I’m not sure what this year would have been like without friends like these two. I think we have all grown and learned and stretched during some intense debates and seriously steep inclines. It’s been two weeks since M + R left for home and we really miss them. I can’t wait to see where we all end up next. 

On Living Abroad (and 5 travel instagrammers worth following).

It took me a long time to fall in love with California.

When I was working in the city I used to wander aimlessly on my lunch breaks wishing I were home, or at least somewhere friendlier and more familiar. I craved a semblance of community. I missed the squishy babies and their open mouthed slobbery kisses. I longed to call over to my siblings for dinner, to drop by my friends houses unannounced. I missed the ease of life at home, of knowing who was where and what was what. This new city left me feeling ill at ease. Some days it felt like I was buckling from the constant stimulation of finding my way and always having to introduce, explain and arrange. I’m an introvert and making friends is hard. Putting myself out there was hard. It still is hard. But it is right—putting myself out there is the only way I will grow. I know that and at times I really don’t like it but I knowledge is power my friends. 

While I didn’t fall in love with foggy San Francisco, somewhere between the mountains and the sea I discovered a new normal, a bold wilderness that I have learned to love with all my heart. We made some friends. We bonded over idealistic obnoxious twenty-something ideals. We solved the worlds problems and shook our heads at the current state of affairs. We laughed as we hiked through forests, over mountains and down to the sea. As my muscles stretched and grew so did my appreciation for this place where we live. 

I still miss the squishy babies and I wish I could drop by my friends houses and have dinners with my siblings. I could never imagine life without them and yet that’s what the past nine months have been. We have created a life here. That fact gives me a real sense of pride. Pushing the boundaries on what I thought was possible and what I thought I could achieve has been one of the best parts of this past year. 

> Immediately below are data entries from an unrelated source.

lemma monom_mult_linear:
  "monom 1 m * ([:a, 1:] * q) = monom 1 (Suc m) * q + smult a (monom 1 m * q)"
  for q :: "'a::comm_ring_1 poly"
  by (simp add: monom_Suc algebra_simps)

lemma Pop_Suc_Suc_yplus1:
  "Pop (Suc (Suc n)) = [:- (2 * yplus1), 1:] * Pop (Suc n) - smult (yplus1^2) (Pop n)"
  by (simp add: yplus1_def)

lemma borel_functional_monom_mult_Pop:
  "functional_of_moments borel (monom 1 m * Pop k) = yplus1 ^ (2 * k) * mixed_moment m k"
proof (induction k arbitrary: m rule: Pop.induct)
  case 1
  show ?case by (simp add: functional_of_moments_monom mixed_moment_0)
next
  case 2
  have "monom 1 m * Pop 1 = monom 1 (Suc m) + smult (- (yplus1 + 1)) (monom 1 m)"
    using monom_mult_linear[of m "- (yv + 2)" 1] by (simp add: yplus1_def algebra_simps)
  then show ?case
    by (simp add: functional_of_moments_add functional_of_moments_smult functional_of_moments_monom
        mixed_moment_Suc_0 power2_eq_square algebra_simps del: Pop.simps flip: mixed_moment_0)
next
  case (3 k)
  have "monom 1 m * Pop (Suc (Suc k)) = monom 1 (Suc m) * Pop (Suc k)
      + smult (- (2 * yplus1)) (monom 1 m * Pop (Suc k)) - smult (yplus1^2) (monom 1 m * Pop k)"
    by (simp only: Pop_Suc_Suc_yplus1 right_diff_distrib monom_mult_linear mult_smult_right)
  then have "functional_of_moments borel (monom 1 m * Pop (Suc (Suc k)))
      = functional_of_moments borel (monom 1 (Suc m) * Pop (Suc k))
        - 2 * yplus1 * functional_of_moments borel (monom 1 m * Pop (Suc k))
        - yplus1^2 * functional_of_moments borel (monom 1 m * Pop k)"
    by (simp add: functional_of_moments_add functional_of_moments_diff functional_of_moments_smult
        del: Pop.simps)
  also have "\<dots> = yplus1 ^ (2 * Suc k) * mixed_moment (Suc m) (Suc k)
        - 2 * yplus1 * (yplus1 ^ (2 * Suc k) * mixed_moment m (Suc k))
        - yplus1^2 * (yplus1 ^ (2 * k) * mixed_moment m k)"
    by (simp only: 3)
  also have "\<dots> = yplus1 ^ (2 * Suc (Suc k)) * mixed_moment m (Suc (Suc k))"
    by (simp add: mixed_moment_Suc_Suc power2_eq_square algebra_simps)
  finally show ?case .
qed

lemma borel_functional_Pop: "functional_of_moments borel (Pop n) = (if n = 0 then 1 else 0)"
  using borel_functional_monom_mult_Pop[of 0 n]
  by (cases n) (simp_all add: mixed_moment_0 mixed_moment_0_Suc borel_def)

lemma moment_functional_borel: "moment_functional (functional_of_moments borel)"
  using borel_functional_Pop
  by (auto simp: moment_functional_def functional_of_moments_add functional_of_moments_smult
      simp del: Pop.simps simp flip: Pop.simps(1))

lemma Lmat_row_moments:
  assumes "moment_functional \<L>"
  shows "(\<Sum>k\<le>n. Lmat n k * \<L> (monom 1 k)) = (if n = 0 then 1 else 0)"
proof -
  have "\<L> (Pop n) = (\<Sum>k\<le>n. Lmat n k * \<L> (monom 1 k))"
    using assms degree_Pop[of n]
    by (auto simp: moment_functional_def Lmat_eq_coeff_Pop intro: linear_functional_expand)
  with assms show ?thesis
    by (cases n) (auto simp: moment_functional_def)
qed

theorem mainTheorem7:
  shows "(\<exists>M. is_lower_inverse Lmat M)
     \<and> (\<forall>M. is_lower_inverse Lmat M \<longrightarrow> (\<forall>n. M n 0 = borel n))
     \<and> (\<exists>\<L>. moment_functional \<L>)
     \<and> (\<forall>\<L>. moment_functional \<L> \<longrightarrow> (\<forall>n. \<L> (monom 1 n) = borel n))"
proof (intro conjI allI impI)
  have borel_solves: "(\<Sum>k\<le>n. Lmat n k * borel k) = (if n = 0 then 1 else 0)" for n
    using Lmat_row_moments[OF moment_functional_borel] by (simp add: functional_of_moments_monom)
  show "\<exists>M. is_lower_inverse Lmat M"
    using unitriangular_lower_inverse[of Lmat, OF Lmat_diag] by blast
  show "M n 0 = borel n" if "is_lower_inverse Lmat M" for M n
  proof -
    have "(\<Sum>k\<le>i. Lmat i k * M k 0) = (if i = 0 then 1 else 0)" for i
      using that by (simp add: is_lower_inverse_def)
    from unitriangular_solution_unique[where x = "\<lambda>k. M k 0", OF Lmat_diag this borel_solves]
    show ?thesis .
  qed
  show "\<exists>\<L>. moment_functional \<L>"
    using moment_functional_borel by blast
  show "\<L> (monom 1 n) = borel n" if "moment_functional \<L>" for \<L> n
    using unitriangular_solution_unique[of Lmat, OF Lmat_diag Lmat_row_moments[OF that]
        borel_solves] .
qed

end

For the first six months living here I just wanted to go home. Every time we hit a stumbling block it would be my first retort, my final cry, my broken record. But little by little—deep in shady forests, on golden sandy beaches, and in a warm-hearted, nurturing work studio—I found that I was no longer simply surviving. In the abstract, I never thought I would ever move to another country (let alone the other side of the world!), that we could get the kind of jobs we have or do the kind things that we are doing. The reality that we are indeed doing all those things blows my mind every day. What does that mean for the next year? Or the year after? 

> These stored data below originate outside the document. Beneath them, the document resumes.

lemma sum_Stab_len_le:
  assumes M: "Stab_majorant F rel lam \<theta> M"
    and fin: "finite F" and lam: "\<forall>f\<in>F. 0 \<le> lam f" and \<theta>: "0 \<le> \<theta>" "\<theta> \<le> 1"
    and R: "R \<in> Ind rel F"
  shows "(\<Sum>\<phi>\<in>Stab_len F rel R t k. seq_weight lam \<phi>) \<le> M R * \<theta> ^ t"
  using R
proof (induction k arbitrary: R t)
  case 0
  have "Stab_len F rel R t 0 = {}"
    by (auto simp: Stab_len_def Stab_def strongly_stable_def)
  then show ?case using M 0 \<theta> by (simp add: Stab_majorant_def)
next
  case (Suc k)
  define I where "I = Ind rel (nbr_set F rel R) - {{}}"
  define L where "L = (\<Prod>f\<in>R. lam f)"
  have I_Ind: "I \<subseteq> Ind rel F"
    unfolding I_def using Ind_mono[OF nbr_set_subset] by blast
  have L_nonneg: "0 \<le> L"
    unfolding L_def using lam Ind_subset[OF Suc.prems] by (intro prod_nonneg) auto
  have M_nonneg: "0 \<le> M S" if "S \<in> Ind rel F" for S
    using M that by (simp add: Stab_majorant_def)
  have sum_Ind_nbr_set: "(\<Sum>S\<in>Ind rel (nbr_set F rel R). M S) = 1 + (\<Sum>S\<in>I. M S)"
    using M unfolding I_def Stab_majorant_def
    by (simp add: sum.remove[OF finite_Ind_nbr_set[OF fin] empty_in_Ind])
  have indicator_le: "(if t \<le> card R then 1 else 0) \<le> \<theta> ^ (t - card R)"
    using \<theta> by simp
  have "(\<Sum>\<phi>\<in>Stab_len F rel R t (Suc k). seq_weight lam \<phi>)
      \<le> L * ((if t \<le> card R then 1 else 0) + (\<Sum>S\<in>I. \<Sum>\<phi>\<in>Stab_len F rel S (t - card R) k. seq_weight lam \<phi>))"
    unfolding I_def L_def by (rule sum_Stab_len_Suc_le[OF fin lam Suc.prems])
  also have "\<dots> \<le> L * (\<theta> ^ (t - card R) + (\<Sum>S\<in>I. M S * \<theta> ^ (t - card R)))"
    using Suc.IH I_Ind indicator_le L_nonneg by (intro mult_left_mono add_mono sum_mono) auto
  also have "\<dots> = L * (\<Sum>S\<in>Ind rel (nbr_set F rel R). M S) * \<theta> ^ (t - card R)"
    by (simp add: sum_Ind_nbr_set sum_distrib_right algebra_simps)
  also have "\<dots> \<le> \<theta> ^ card R * M R * \<theta> ^ (t - card R)"
    using M Suc.prems \<theta> unfolding L_def Stab_majorant_def by (intro mult_right_mono) auto
  also have "\<dots> = M R * \<theta> ^ (card R + (t - card R))"
    by (simp add: power_add)
  also have "\<dots> \<le> M R * \<theta> ^ t"
    using M_nonneg[OF Suc.prems] \<theta> by (intro mult_left_mono power_decreasing) auto
  finally show ?case .
qed

lemma infsum_Stab_le:
  assumes M: "Stab_majorant F rel lam \<theta> M"
    and fin: "finite F" and lam: "\<forall>f\<in>F. 0 \<le> lam f" and \<theta>: "0 \<le> \<theta>" "\<theta> \<le> 1"
    and R: "R \<in> Ind rel F"
  shows "seq_weight lam summable_on Stab F rel R t"
    and "(\<Sum>\<^sub>\<infinity>\<phi>\<in>Stab F rel R t. seq_weight lam \<phi>) \<le> M R * \<theta> ^ t"
proof -
  have nonneg: "0 \<le> seq_weight lam \<phi>" if "\<phi> \<in> Stab F rel R t" for \<phi>
    using that lam seq_weight_nonneg Stab_len_set_subset_Pow[of \<phi> F rel R t "length \<phi>"]
    by (simp add: Stab_len_def)
  have finite_sums_le: "sum (seq_weight lam) X \<le> M R * \<theta> ^ t"
    if X: "finite X" "X \<subseteq> Stab F rel R t" for X
  proof -
    have "X \<subseteq> Stab_len F rel R t (\<Sum>\<phi>\<in>X. length \<phi>)"
      using X by (auto simp: Stab_len_def intro: member_le_sum)
    then have "sum (seq_weight lam) X \<le> (\<Sum>\<phi>\<in>Stab_len F rel R t (\<Sum>\<phi>\<in>X. length \<phi>). seq_weight lam \<phi>)"
      using finite_Stab_len[OF fin] nonneg by (intro sum_mono2) (auto simp: Stab_len_def)
    also have "\<dots> \<le> M R * \<theta> ^ t"
      by (rule sum_Stab_len_le[OF M fin lam \<theta> R])
    finally show ?thesis .
  qed
  show summable: "seq_weight lam summable_on Stab F rel R t"
    using nonneg finite_sums_le by (intro nonneg_bdd_above_summable_on) (auto simp: bdd_above_def)
  show "(\<Sum>\<^sub>\<infinity>\<phi>\<in>Stab F rel R t. seq_weight lam \<phi>) \<le> M R * \<theta> ^ t"
    using infsum_le_finite_sums[OF summable finite_sums_le] .
qed

lemma sum_Ind_Un_le:
  fixes mu :: "'a \<Rightarrow> real"
  assumes fin: "finite X" "finite Y" and mu: "\<forall>g\<in>X \<union> Y. 0 \<le> mu g"
  shows "(\<Sum>S\<in>Ind rel (X \<union> Y). \<Prod>g\<in>S. mu g)
    \<le> (\<Sum>A\<in>Ind rel X. \<Prod>g\<in>A. mu g) * (\<Sum>B\<in>Ind rel Y. \<Prod>g\<in>B. mu g)"
proof -
  define split where "split = (\<lambda>S. (S \<inter> X, S - X))"
  have inj: "inj_on split (Ind rel (X \<union> Y))"
    unfolding split_def inj_on_def by auto
  have split_Ind: "split ` Ind rel (X \<union> Y) \<subseteq> Ind rel X \<times> Ind rel Y"
    unfolding split_def Ind_def independent_def by auto
  have "(\<Sum>S\<in>Ind rel (X \<union> Y). \<Prod>g\<in>S. mu g)
      = (\<Sum>S\<in>Ind rel (X \<union> Y). (\<Prod>g\<in>fst (split S). mu g) * (\<Prod>g\<in>snd (split S). mu g))"
  proof (rule sum.cong[OF refl])
    fix S assume "S \<in> Ind rel (X \<union> Y)"
    then have "finite S" using fin by (auto dest: Ind_subset intro: finite_subset)
    then show "(\<Prod>g\<in>S. mu g) = (\<Prod>g\<in>fst (split S). mu g) * (\<Prod>g\<in>snd (split S). mu g)"
      unfolding split_def by (simp add: prod.Int_Diff)
  qed
  also have "\<dots> = (\<Sum>(A, B)\<in>split ` Ind rel (X \<union> Y). (\<Prod>g\<in>A. mu g) * (\<Prod>g\<in>B. mu g))"
    by (simp add: sum.reindex[OF inj] case_prod_unfold)
  also have "\<dots> \<le> (\<Sum>(A, B)\<in>Ind rel X \<times> Ind rel Y. (\<Prod>g\<in>A. mu g) * (\<Prod>g\<in>B. mu g))"
    using split_Ind fin mu
    by (intro sum_mono2) (auto simp: finite_Ind dest!: Ind_subset intro!: mult_nonneg_nonneg prod_nonneg)
  also have "\<dots> = (\<Sum>A\<in>Ind rel X. \<Prod>g\<in>A. mu g) * (\<Sum>B\<in>Ind rel Y. \<Prod>g\<in>B. mu g)"
    by (simp add: sum_product sum.cartesian_product)
  finally show ?thesis .
qed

It's getting increasingly harder to imagine leaving. We will do it and there will be a period of adjustment and it will be hard but good. All things worth doing are so. 

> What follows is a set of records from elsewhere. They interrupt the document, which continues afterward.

lemma piecewise_cont_curveI:
  assumes "\<forall>t\<in>{0..T}. \<gamma> t \<in> X" and "piecewise_continuous T \<gamma>"
  shows "piecewise_cont_curve X T \<gamma>"
proof -
  obtain S where "finite S" and cont: "\<forall>t\<in>{0<..<T} - S. isCont \<gamma> t"
    using assms(2) by (auto simp: piecewise_continuous_def)
  have "\<forall>t\<in>{0..T} - (S \<union> {0, T}). continuous (at t within {0..T}) \<gamma>"
    using cont by (auto intro: continuous_at_imp_continuous_at_within)
  with \<open>finite S\<close> assms show ?thesis
    unfolding piecewise_cont_curve_def piecewise_continuous_def
    by (intro conjI exI[of _ "S \<union> {0, T}"]) auto
qed

lemma piecewise_continuous_if_continuous_on:
  assumes "continuous_on {0..T} \<gamma>"
  shows "piecewise_continuous T \<gamma>"
  unfolding piecewise_continuous_def
proof (intro conjI ballI exI[of _ "{}"])
  fix t assume "t \<in> {0<..<T} - {}"
  then show "isCont \<gamma> t"
    using continuous_on_interior[OF assms] by auto
next
  fix s :: real assume "s \<in> {0<..T}"
  then show "\<exists>l. (\<gamma> \<longlongrightarrow> l) (at_left s)"
    using continuous_on_Icc_at_leftD[OF continuous_on_subset[OF assms]] by fastforce
next
  fix s :: real assume "s \<in> {0..<T}"
  then show "\<exists>l. (\<gamma> \<longlongrightarrow> l) (at_right s)"
    using continuous_on_Icc_at_rightD[OF continuous_on_subset[OF assms]] by fastforce
qed simp

lemma tendsto_at_left_shift:
  fixes g :: "real \<Rightarrow> 'a::topological_space"
  assumes "(g \<longlongrightarrow> l) (at_left s)"
  shows "((\<lambda>t. g (t - c)) \<longlongrightarrow> l) (at_left (s + c))"
proof -
  have "filterlim (\<lambda>t. t - c) (at_left s) (at_left (s + c))"
    by (rule filterlim_at_withinI) (auto intro!: tendsto_eq_intros simp: eventually_at_filter)
  from filterlim_compose[OF assms this] show ?thesis by (simp add: o_def)
qed

lemma tendsto_at_right_shift:
  fixes g :: "real \<Rightarrow> 'a::topological_space"
  assumes "(g \<longlongrightarrow> l) (at_right s)"
  shows "((\<lambda>t. g (t - c)) \<longlongrightarrow> l) (at_right (s + c))"
proof -
  have "filterlim (\<lambda>t. t - c) (at_right s) (at_right (s + c))"
    by (rule filterlim_at_withinI) (auto intro!: tendsto_eq_intros simp: eventually_at_filter)
  from filterlim_compose[OF assms this] show ?thesis by (simp add: o_def)
qed

definition curve_append :: "real \<Rightarrow> (real \<Rightarrow> 'a) \<Rightarrow> (real \<Rightarrow> 'a) \<Rightarrow> real \<Rightarrow> 'a" where
  "curve_append a \<gamma>\<^sub>1 \<gamma>\<^sub>2 t = (if t < a then \<gamma>\<^sub>1 t else \<gamma>\<^sub>2 (t - a))"

lemma eventually_curve_append_left:
  assumes "t < a"
  shows "\<forall>\<^sub>F u in nhds t. curve_append a \<gamma>\<^sub>1 \<gamma>\<^sub>2 u = \<gamma>\<^sub>1 u"
  using eventually_nhds_in_open[of "{..<a}" t] assms
  by (auto simp: curve_append_def elim: eventually_mono)

lemma eventually_curve_append_right:
  assumes "a < t"
  shows "\<forall>\<^sub>F u in nhds t. curve_append a \<gamma>\<^sub>1 \<gamma>\<^sub>2 u = \<gamma>\<^sub>2 (u - a)"
  using eventually_nhds_in_open[of "{a<..}" t] assms
  by (auto simp: curve_append_def elim: eventually_mono)

lemma isCont_curve_append_left:
  assumes "t < a" "isCont \<gamma>\<^sub>1 t"
  shows "isCont (curve_append a \<gamma>\<^sub>1 \<gamma>\<^sub>2) t"
  using assms(2) isCont_cong[OF eventually_curve_append_left[OF assms(1), of \<gamma>\<^sub>1 \<gamma>\<^sub>2]] by simp

lemma isCont_curve_append_right:
  assumes "a < t" "isCont \<gamma>\<^sub>2 (t - a)"
  shows "isCont (curve_append a \<gamma>\<^sub>1 \<gamma>\<^sub>2) t"
proof -
  have "isCont (\<lambda>u. \<gamma>\<^sub>2 (u - a)) t"
    using assms(2) by (auto intro: isCont_o2[where f = "\<lambda>u. u - a"] continuous_intros)
  then show ?thesis
    using isCont_cong[OF eventually_curve_append_right[OF assms(1), of \<gamma>\<^sub>1 \<gamma>\<^sub>2]] by simp
qed

lemma tendsto_curve_append_at_left:
  assumes "s \<le> a" "(\<gamma>\<^sub>1 \<longlongrightarrow> l) (at_left s)"
  shows "(curve_append a \<gamma>\<^sub>1 \<gamma>\<^sub>2 \<longlongrightarrow> l) (at_left s)"
proof (rule Lim_transform_eventually[OF assms(2)])
  show "\<forall>\<^sub>F u in at_left s. \<gamma>\<^sub>1 u = curve_append a \<gamma>\<^sub>1 \<gamma>\<^sub>2 u"
    using assms(1) by (auto simp: eventually_at_filter curve_append_def)
qed

lemma tendsto_curve_append_at_left':
  assumes "a < s" "(\<gamma>\<^sub>2 \<longlongrightarrow> l) (at_left (s - a))"
  shows "(curve_append a \<gamma>\<^sub>1 \<gamma>\<^sub>2 \<longlongrightarrow> l) (at_left s)"
proof (rule Lim_transform_eventually)
  show "((\<lambda>u. \<gamma>\<^sub>2 (u - a)) \<longlongrightarrow> l) (at_left s)"
    using tendsto_at_left_shift[OF assms(2), of a] by simp
  show "\<forall>\<^sub>F u in at_left s. \<gamma>\<^sub>2 (u - a) = curve_append a \<gamma>\<^sub>1 \<gamma>\<^sub>2 u"
    using assms(1) eventually_at_left_real[of a s] by (auto simp: curve_append_def elim: eventually_mono)
qed

lemma tendsto_curve_append_at_right:
  assumes "s < a" "(\<gamma>\<^sub>1 \<longlongrightarrow> l) (at_right s)"
  shows "(curve_append a \<gamma>\<^sub>1 \<gamma>\<^sub>2 \<longlongrightarrow> l) (at_right s)"
proof (rule Lim_transform_eventually[OF assms(2)])
  show "\<forall>\<^sub>F u in at_right s. \<gamma>\<^sub>1 u = curve_append a \<gamma>\<^sub>1 \<gamma>\<^sub>2 u"
    using assms(1) eventually_at_right_real[of s a] by (auto simp: curve_append_def elim: eventually_mono)
qed

lemma tendsto_curve_append_at_right':
  assumes "a \<le> s" "(\<gamma>\<^sub>2 \<longlongrightarrow> l) (at_right (s - a))"
  shows "(curve_append a \<gamma>\<^sub>1 \<gamma>\<^sub>2 \<longlongrightarrow> l) (at_right s)"
proof (rule Lim_transform_eventually)
  show "((\<lambda>u. \<gamma>\<^sub>2 (u - a)) \<longlongrightarrow> l) (at_right s)"
    using tendsto_at_right_shift[OF assms(2), of a] by simp
  show "\<forall>\<^sub>F u in at_right s. \<gamma>\<^sub>2 (u - a) = curve_append a \<gamma>\<^sub>1 \<gamma>\<^sub>2 u"
    using assms(1) by (auto simp: eventually_at_filter curve_append_def)
qed

lemma piecewise_continuous_curve_append:
  assumes "0 \<le> a" "0 \<le> b"
    and pc1: "piecewise_continuous a \<gamma>\<^sub>1" and pc2: "piecewise_continuous b \<gamma>\<^sub>2"
  shows "piecewise_continuous (a + b) (curve_append a \<gamma>\<^sub>1 \<gamma>\<^sub>2)"
proof -
  obtain S\<^sub>1 S\<^sub>2 where fin: "finite S\<^sub>1" "finite S\<^sub>2"
    and cont1: "\<forall>t\<in>{0<..<a} - S\<^sub>1. isCont \<gamma>\<^sub>1 t" and cont2: "\<forall>t\<in>{0<..<b} - S\<^sub>2. isCont \<gamma>\<^sub>2 t"
    using pc1 pc2 by (auto simp: piecewise_continuous_def)
  have "isCont (curve_append a \<gamma>\<^sub>1 \<gamma>\<^sub>2) t"
    if "t \<in> {0<..<a + b} - (S\<^sub>1 \<union> {a} \<union> (\<lambda>s. s + a) ` S\<^sub>2)" for t
  proof (cases "t < a")
    case True
    then show ?thesis
      using that cont1 by (auto intro: isCont_curve_append_left)
  next
    case False
    then have "t - a \<in> {0<..<b} - S\<^sub>2"
      using that by (force simp: image_iff)
    then show ?thesis
      using that cont2 False by (auto intro: isCont_curve_append_right)
  qed
  moreover have "\<exists>l. (curve_append a \<gamma>\<^sub>1 \<gamma>\<^sub>2 \<longlongrightarrow> l) (at_left s)" if s: "s \<in> {0<..a + b}" for s
  proof (cases "s \<le> a")
    case True
    with s have "s \<in> {0<..a}"
      by simp
    then obtain l where "(\<gamma>\<^sub>1 \<longlongrightarrow> l) (at_left s)"
      using pc1 unfolding piecewise_continuous_def by blast
    with True show ?thesis
      by (blast intro: tendsto_curve_append_at_left)
  next
    case False
    with s have "s - a \<in> {0<..b}"
      by simp
    then obtain l where "(\<gamma>\<^sub>2 \<longlongrightarrow> l) (at_left (s - a))"
      using pc2 unfolding piecewise_continuous_def by blast
    with False show ?thesis
      by (meson not_le tendsto_curve_append_at_left')
  qed
  moreover have "\<exists>l. (curve_append a \<gamma>\<^sub>1 \<gamma>\<^sub>2 \<longlongrightarrow> l) (at_right s)" if s: "s \<in> {0..<a + b}" for s
  proof (cases "s < a")
    case True
    with s have "s \<in> {0..<a}"
      by simp
    then obtain l where "(\<gamma>\<^sub>1 \<longlongrightarrow> l) (at_right s)"
      using pc1 unfolding piecewise_continuous_def by blast
    with True show ?thesis
      by (blast intro: tendsto_curve_append_at_right)
  next
    case False
    with s have "s - a \<in> {0..<b}"
      by simp
    then obtain l where "(\<gamma>\<^sub>2 \<longlongrightarrow> l) (at_right (s - a))"
      using pc2 unfolding piecewise_continuous_def by blast
    with False show ?thesis
      by (meson not_less tendsto_curve_append_at_right')
  qed
  ultimately show ?thesis
    using fin unfolding piecewise_continuous_def
    by (intro conjI exI[of _ "S\<^sub>1 \<union> {a} \<union> (\<lambda>s. s + a) ` S\<^sub>2"]) auto
qed

lemma semiflow_continuous_on_orbit:
  assumes "semiflow X F" "x \<in> X"
  shows "continuous_on {0..} (\<lambda>t. F t x)"
proof -
  have "continuous_on ({0..} \<times> X) (\<lambda>(t, x). F t x)"
    using assms(1) by (simp add: semiflow_def)
  then have "continuous_on {0..} ((\<lambda>(t, x). F t x) \<circ> (\<lambda>t. (t, x)))"
    using assms(2) by (intro continuous_on_compose continuous_intros) (auto elim: continuous_on_subset)
  then show ?thesis by (simp add: o_def)
qed

lemma semiflow_uniformly_equicontinuous:
  assumes "compact X" "semiflow X F" "0 < \<epsilon>"
  obtains \<delta> where "0 < \<delta>"
    "\<And>\<sigma> a b. \<sigma> \<in> {0..\<tau>} \<Longrightarrow> a \<in> X \<Longrightarrow> b \<in> X \<Longrightarrow> dist a b < \<delta> \<Longrightarrow> dist (F \<sigma> a) (F \<sigma> b) < \<epsilon>"
proof -
  have "continuous_on ({0..} \<times> X) (\<lambda>(t, x). F t x)"
    using assms(2) by (simp add: semiflow_def)
  then have "uniformly_continuous_on ({0..\<tau>} \<times> X) (\<lambda>(t, x). F t x)"
    using assms(1) by (intro compact_uniformly_continuous compact_Times) (auto elim: continuous_on_subset)
  then obtain \<delta> where "0 < \<delta>" and \<delta>: "\<forall>p\<in>{0..\<tau>} \<times> X. \<forall>q\<in>{0..\<tau>} \<times> X.
      dist q p < \<delta> \<longrightarrow> dist ((\<lambda>(t, x). F t x) q) ((\<lambda>(t, x). F t x) p) < \<epsilon>"
    using assms(3) unfolding uniformly_continuous_on_def by blast
  show thesis
  proof (rule that[OF \<open>0 < \<delta>\<close>])
    fix \<sigma> a b assume "\<sigma> \<in> {0..\<tau>}" "a \<in> X" "b \<in> X" "dist a b < \<delta>"
    then show "dist (F \<sigma> a) (F \<sigma> b) < \<epsilon>"
      using \<delta>[rule_format, of "(\<sigma>, b)" "(\<sigma>, a)"] by (simp add: dist_Pair_Pair)
  qed
qed

lemma eps_close_prepend_orbit:
  assumes sf: "semiflow X F" and "x \<in> X" "0 \<le> t\<^sub>0" "0 < \<epsilon>"
    and close: "eps_close F \<epsilon> T \<gamma>"
    and orbit_start: "\<And>\<sigma>. 0 \<le> \<sigma> \<Longrightarrow> \<sigma> < 1 \<Longrightarrow> \<sigma> \<le> T \<Longrightarrow> \<gamma> \<sigma> = F \<sigma> (\<gamma> 0)"
    and jump: "\<And>\<sigma>. \<sigma> \<in> {0..1} \<Longrightarrow> dist (F \<sigma> (F t\<^sub>0 x)) (F \<sigma> (\<gamma> 0)) < \<epsilon>"
  shows "eps_close F \<epsilon> (t\<^sub>0 + T) (curve_append t\<^sub>0 (\<lambda>t. F t x) \<gamma>)"
    (is "eps_close F \<epsilon> _ ?\<gamma>")
  unfolding eps_close_def
proof (intro ballI)
  have F_add: "\<And>t s. 0 \<le> t \<Longrightarrow> 0 \<le> s \<Longrightarrow> F (t + s) x = F t (F s x)"
    using sf \<open>x \<in> X\<close> by (simp add: semiflow_def)
  fix \<tau> t assume \<tau>: "\<tau> \<in> {0..1}" and t: "t \<in> {0..t\<^sub>0 + T - \<tau>}"
  consider "t + \<tau> < t\<^sub>0" | "t\<^sub>0 \<le> t" | "t < t\<^sub>0" "t\<^sub>0 \<le> t + \<tau>" by linarith
  then show "dist (?\<gamma> (t + \<tau>)) (F \<tau> (?\<gamma> t)) < \<epsilon>"
  proof cases
    case 1
    then show ?thesis
      using \<tau> t \<open>0 < \<epsilon>\<close> F_add[of \<tau> t] by (simp add: curve_append_def add.commute)
  next
    case 2
    then have "t - t\<^sub>0 \<in> {0..T - \<tau>}"
      using t by auto
    then have "dist (\<gamma> (t - t\<^sub>0 + \<tau>)) (F \<tau> (\<gamma> (t - t\<^sub>0))) < \<epsilon>"
      using close \<tau> by (simp add: eps_close_def)
    then show ?thesis
      using 2 \<tau> by (simp add: curve_append_def algebra_simps)
  next
    case 3
    define \<sigma> where "\<sigma> = t + \<tau> - t\<^sub>0"
    \<comment> \<open>\<open>\<sigma> < 1\<close>, so past the jump at \<open>t\<^sub>0\<close> the curve is still on the orbit of \<open>\<gamma> 0\<close>.\<close>
    have \<sigma>: "0 \<le> \<sigma>" "\<sigma> < 1" "\<sigma> \<le> T"
      using 3 \<tau> t by (auto simp: \<sigma>_def)
    have "F \<tau> (F t x) = F \<sigma> (F t\<^sub>0 x)"
      using F_add[of \<tau> t] F_add[of \<sigma> t\<^sub>0] \<sigma> \<tau> t \<open>0 \<le> t\<^sub>0\<close> by (simp add: \<sigma>_def algebra_simps)
    moreover have "\<gamma> \<sigma> = F \<sigma> (\<gamma> 0)"
      using orbit_start \<sigma> by blast
    ultimately show ?thesis
      using 3 jump[of \<sigma>] \<sigma> by (simp add: curve_append_def \<sigma>_def dist_commute)
  qed
qed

One thing I have learned this year is that home is not a place but a state of being. We are more fluid than we think and much more adept for change than I ever thought possible. Who knows what’s going to come next. 


I would love to know about your adventures. What have you got planned for this summer or the coming months? If you could travel anywhere in the world where would it be? Have you ever thought about living abroad?

If you’re interested in getting the travel bug (or some serious insta-envy) here are some people worth a follow:

  • Our friends Ashling & Paul are spending the next three months travelling around South America. 
  • As is a sweet girl from my college Emily and her boyfriend (they travelled around the world a couple of years ago—her instagram is one of my favourites!). 
  • Another college friend, Fiona, is living in New York and her photos are truly stunning. 
  • My sister-not-in-law Nadia is constantly jetting off some place new—check her out. 
  • Courtney Adamo’s instagram is one of my very favourites (pretty much the definition of #lifegoals for me). She and her husband and their four children are spending the next year travelling around the world—I can’t wait to see what is in store for them.